═══ PROVIDED DATA ═══
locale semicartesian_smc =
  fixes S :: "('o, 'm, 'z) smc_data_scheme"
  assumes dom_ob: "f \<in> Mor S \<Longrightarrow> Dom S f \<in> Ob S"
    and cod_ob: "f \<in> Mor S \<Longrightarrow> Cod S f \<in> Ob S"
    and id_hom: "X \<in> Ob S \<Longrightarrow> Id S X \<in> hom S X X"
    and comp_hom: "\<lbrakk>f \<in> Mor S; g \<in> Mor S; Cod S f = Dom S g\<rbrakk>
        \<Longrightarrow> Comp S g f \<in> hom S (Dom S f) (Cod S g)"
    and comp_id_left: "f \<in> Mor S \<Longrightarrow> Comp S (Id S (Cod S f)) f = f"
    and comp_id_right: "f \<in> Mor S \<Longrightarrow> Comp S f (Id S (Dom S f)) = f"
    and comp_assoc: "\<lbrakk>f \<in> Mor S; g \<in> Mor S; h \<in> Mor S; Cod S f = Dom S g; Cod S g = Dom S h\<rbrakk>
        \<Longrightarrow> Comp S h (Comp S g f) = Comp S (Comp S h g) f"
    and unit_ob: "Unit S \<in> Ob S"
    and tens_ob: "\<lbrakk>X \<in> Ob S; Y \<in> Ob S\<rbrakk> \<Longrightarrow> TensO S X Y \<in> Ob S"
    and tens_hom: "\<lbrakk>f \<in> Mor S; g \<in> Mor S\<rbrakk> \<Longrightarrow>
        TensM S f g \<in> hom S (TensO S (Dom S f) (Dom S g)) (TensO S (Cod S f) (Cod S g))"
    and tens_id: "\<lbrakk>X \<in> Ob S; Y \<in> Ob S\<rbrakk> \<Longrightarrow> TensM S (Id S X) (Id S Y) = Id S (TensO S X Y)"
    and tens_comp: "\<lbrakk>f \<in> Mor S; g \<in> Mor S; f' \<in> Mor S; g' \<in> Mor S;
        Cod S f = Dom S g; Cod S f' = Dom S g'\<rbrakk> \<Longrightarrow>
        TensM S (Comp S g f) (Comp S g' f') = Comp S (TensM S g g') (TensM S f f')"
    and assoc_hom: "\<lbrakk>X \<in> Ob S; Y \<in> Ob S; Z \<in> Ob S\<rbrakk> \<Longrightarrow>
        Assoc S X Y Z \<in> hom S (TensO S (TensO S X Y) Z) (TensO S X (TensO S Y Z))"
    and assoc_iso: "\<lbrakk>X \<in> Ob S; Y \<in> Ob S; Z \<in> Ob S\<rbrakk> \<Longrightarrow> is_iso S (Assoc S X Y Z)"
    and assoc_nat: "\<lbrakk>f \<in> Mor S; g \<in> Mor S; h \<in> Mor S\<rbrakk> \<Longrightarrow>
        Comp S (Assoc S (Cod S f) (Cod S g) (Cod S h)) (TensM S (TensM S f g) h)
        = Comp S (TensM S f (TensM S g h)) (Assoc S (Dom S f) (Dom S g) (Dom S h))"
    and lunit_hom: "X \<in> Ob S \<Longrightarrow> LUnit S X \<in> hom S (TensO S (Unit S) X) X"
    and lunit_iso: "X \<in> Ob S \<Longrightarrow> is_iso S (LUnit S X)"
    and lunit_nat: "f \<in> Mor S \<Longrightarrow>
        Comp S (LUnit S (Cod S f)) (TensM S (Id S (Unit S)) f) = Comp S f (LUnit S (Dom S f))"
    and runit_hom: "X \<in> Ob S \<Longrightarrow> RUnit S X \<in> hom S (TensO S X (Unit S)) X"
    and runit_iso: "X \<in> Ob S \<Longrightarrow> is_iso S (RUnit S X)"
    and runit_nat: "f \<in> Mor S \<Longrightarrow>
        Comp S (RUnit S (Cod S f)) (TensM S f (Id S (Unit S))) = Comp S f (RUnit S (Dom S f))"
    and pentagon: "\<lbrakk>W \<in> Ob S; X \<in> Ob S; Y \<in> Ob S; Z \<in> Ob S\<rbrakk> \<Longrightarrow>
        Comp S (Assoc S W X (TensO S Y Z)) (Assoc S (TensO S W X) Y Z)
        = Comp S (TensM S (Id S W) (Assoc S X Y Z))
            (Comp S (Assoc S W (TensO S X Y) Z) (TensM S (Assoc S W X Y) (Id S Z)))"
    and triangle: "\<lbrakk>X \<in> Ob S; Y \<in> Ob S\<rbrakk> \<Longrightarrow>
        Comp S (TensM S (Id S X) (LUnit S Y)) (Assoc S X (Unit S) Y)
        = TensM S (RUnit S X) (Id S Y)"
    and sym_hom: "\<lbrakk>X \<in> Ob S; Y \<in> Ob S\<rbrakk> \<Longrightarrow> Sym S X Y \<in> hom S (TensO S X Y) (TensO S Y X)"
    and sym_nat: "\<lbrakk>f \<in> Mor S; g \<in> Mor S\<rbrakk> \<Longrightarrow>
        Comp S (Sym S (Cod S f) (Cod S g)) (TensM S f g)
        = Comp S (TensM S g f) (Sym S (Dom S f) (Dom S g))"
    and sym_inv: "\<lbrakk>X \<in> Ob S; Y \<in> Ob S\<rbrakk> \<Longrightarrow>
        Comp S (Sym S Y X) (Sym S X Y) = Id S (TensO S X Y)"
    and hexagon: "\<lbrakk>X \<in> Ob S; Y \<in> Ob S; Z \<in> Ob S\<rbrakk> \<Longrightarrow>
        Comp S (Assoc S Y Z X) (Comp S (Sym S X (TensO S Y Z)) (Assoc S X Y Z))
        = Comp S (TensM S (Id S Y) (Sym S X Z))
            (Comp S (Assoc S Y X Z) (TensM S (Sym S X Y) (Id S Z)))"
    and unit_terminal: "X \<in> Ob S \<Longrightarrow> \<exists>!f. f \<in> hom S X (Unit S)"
═══
** REQUIRED ACTION **
Copy the listing in full, and keep every word exactly as it is.

** SOLUTION **
locale semicartesian_smc =
  fixes S :: "('o, 'm, 'z) smc_data_scheme"
  assumes dom_ob: "f \<in> Mor S \<Longrightarrow> Dom S f \<in> Ob S"
    and cod_ob: "f \<in> Mor S \<Longrightarrow> Cod S f \<in> Ob S"
    and id_hom: "X \<in> Ob S \<Longrightarrow> Id S X \<in> hom S X X"
    and comp_hom: "\<lbrakk>f \<in> Mor S; g \<in> Mor S; Cod S f = Dom S g\<rbrakk>
        \<Longrightarrow> Comp S g f \<in> hom S (Dom S f) (Cod S g)"
    and comp_id_left: "f \<in> Mor S \<Longrightarrow> Comp S (Id S (Cod S f)) f = f"
    and comp_id_right: "f \<in> Mor S \<Longrightarrow> Comp S f (Id S (Dom S f)) = f"
    and comp_assoc: "\<lbrakk>f \<in> Mor S; g \<in> Mor S; h \<in> Mor S; Cod S f = Dom S g; Cod S g = Dom S h\<rbrakk>
        \<Longrightarrow> Comp S h (Comp S g f) = Comp S (Comp S h g) f"
    and unit_ob: "Unit S \<in> Ob S"
    and tens_ob: "\<lbrakk>X \<in> Ob S; Y \<in> Ob S\<rbrakk> \<Longrightarrow> TensO S X Y \<in> Ob S"
    and tens_hom: "\<lbrakk>f \<in> Mor S; g \<in> Mor S\<rbrakk> \<Longrightarrow>
        TensM S f g \<in> hom S (TensO S (Dom S f) (Dom S g)) (TensO S (Cod S f) (Cod S g))"
    and tens_id: "\<lbrakk>X \<in> Ob S; Y \<in> Ob S\<rbrakk> \<Longrightarrow> TensM S (Id S X) (Id S Y) = Id S (TensO S X Y)"
    and tens_comp: "\<lbrakk>f \<in> Mor S; g \<in> Mor S; f' \<in> Mor S; g' \<in> Mor S;
        Cod S f = Dom S g; Cod S f' = Dom S g'\<rbrakk> \<Longrightarrow>
        TensM S (Comp S g f) (Comp S g' f') = Comp S (TensM S g g') (TensM S f f')"
    and assoc_hom: "\<lbrakk>X \<in> Ob S; Y \<in> Ob S; Z \<in> Ob S\<rbrakk> \<Longrightarrow>
        Assoc S X Y Z \<in> hom S (TensO S (TensO S X Y) Z) (TensO S X (TensO S Y Z))"
    and assoc_iso: "\<lbrakk>X \<in> Ob S; Y \<in> Ob S; Z \<in> Ob S\<rbrakk> \<Longrightarrow> is_iso S (Assoc S X Y Z)"
    and assoc_nat: "\<lbrakk>f \<in> Mor S; g \<in> Mor S; h \<in> Mor S\<rbrakk> \<Longrightarrow>
        Comp S (Assoc S (Cod S f) (Cod S g) (Cod S h)) (TensM S (TensM S f g) h)
        = Comp S (TensM S f (TensM S g h)) (Assoc S (Dom S f) (Dom S g) (Dom S h))"
    and lunit_hom: "X \<in> Ob S \<Longrightarrow> LUnit S X \<in> hom S (TensO S (Unit S) X) X"
    and lunit_iso: "X \<in> Ob S \<Longrightarrow> is_iso S (LUnit S X)"
    and lunit_nat: "f \<in> Mor S \<Longrightarrow>
        Comp S (LUnit S (Cod S f)) (TensM S (Id S (Unit S)) f) = Comp S f (LUnit S (Dom S f))"
    and runit_hom: "X \<in> Ob S \<Longrightarrow> RUnit S X \<in> hom S (TensO S X (Unit S)) X"
    and runit_iso: "X \<in> Ob S \<Longrightarrow> is_iso S (RUnit S X)"
    and runit_nat: "f \<in> Mor S \<Longrightarrow>
        Comp S (RUnit S (Cod S f)) (TensM S f (Id S (Unit S))) = Comp S f (RUnit S (Dom S f))"
    and pentagon: "\<lbrakk>W \<in> Ob S; X \<in> Ob S; Y \<in> Ob S; Z \<in> Ob S\<rbrakk> \<Longrightarrow>
        Comp S (Assoc S W X (TensO S Y Z)) (Assoc S (TensO S W X) Y Z)
        = Comp S (TensM S (Id S W) (Assoc S X Y Z))
            (Comp S (Assoc S W (TensO S X Y) Z) (TensM S (Assoc S W X Y) (Id S Z)))"
    and triangle: "\<lbrakk>X \<in> Ob S; Y \<in> Ob S\<rbrakk> \<Longrightarrow>
        Comp S (TensM S (Id S X) (LUnit S Y)) (Assoc S X (Unit S) Y)
        = TensM S (RUnit S X) (Id S Y)"
    and sym_hom: "\<lbrakk>X \<in> Ob S; Y \<in> Ob S\<rbrakk> \<Longrightarrow> Sym S X Y \<in> hom S (TensO S X Y) (TensO S Y X)"
    and sym_nat: "\<lbrakk>f \<in> Mor S; g \<in> Mor S\<rbrakk> \<Longrightarrow>
        Comp S (Sym S (Cod S f) (Cod S g)) (TensM S f g)
        = Comp S (TensM S g f) (Sym S (Dom S f) (Dom S g))"
    and sym_inv: "\<lbrakk>X \<in> Ob S; Y \<in> Ob S\<rbrakk> \<Longrightarrow>
        Comp S (Sym S Y X) (Sym S X Y) = Id S (TensO S X Y)"
    and hexagon: "\<lbrakk>X \<in> Ob S; Y \<in> Ob S; Z \<in> Ob S\<rbrakk> \<Longrightarrow>
        Comp S (Assoc S Y Z X) (Comp S (Sym S X (TensO S Y Z)) (Assoc S X Y Z))
        = Comp S (TensM S (Id S Y) (Sym S X Z))
            (Comp S (Assoc S Y X Z) (TensM S (Sym S X Y) (Id S Z)))"
    and unit_terminal: "X \<in> Ob S \<Longrightarrow> \<exists>!f. f \<in> hom S X (Unit S)"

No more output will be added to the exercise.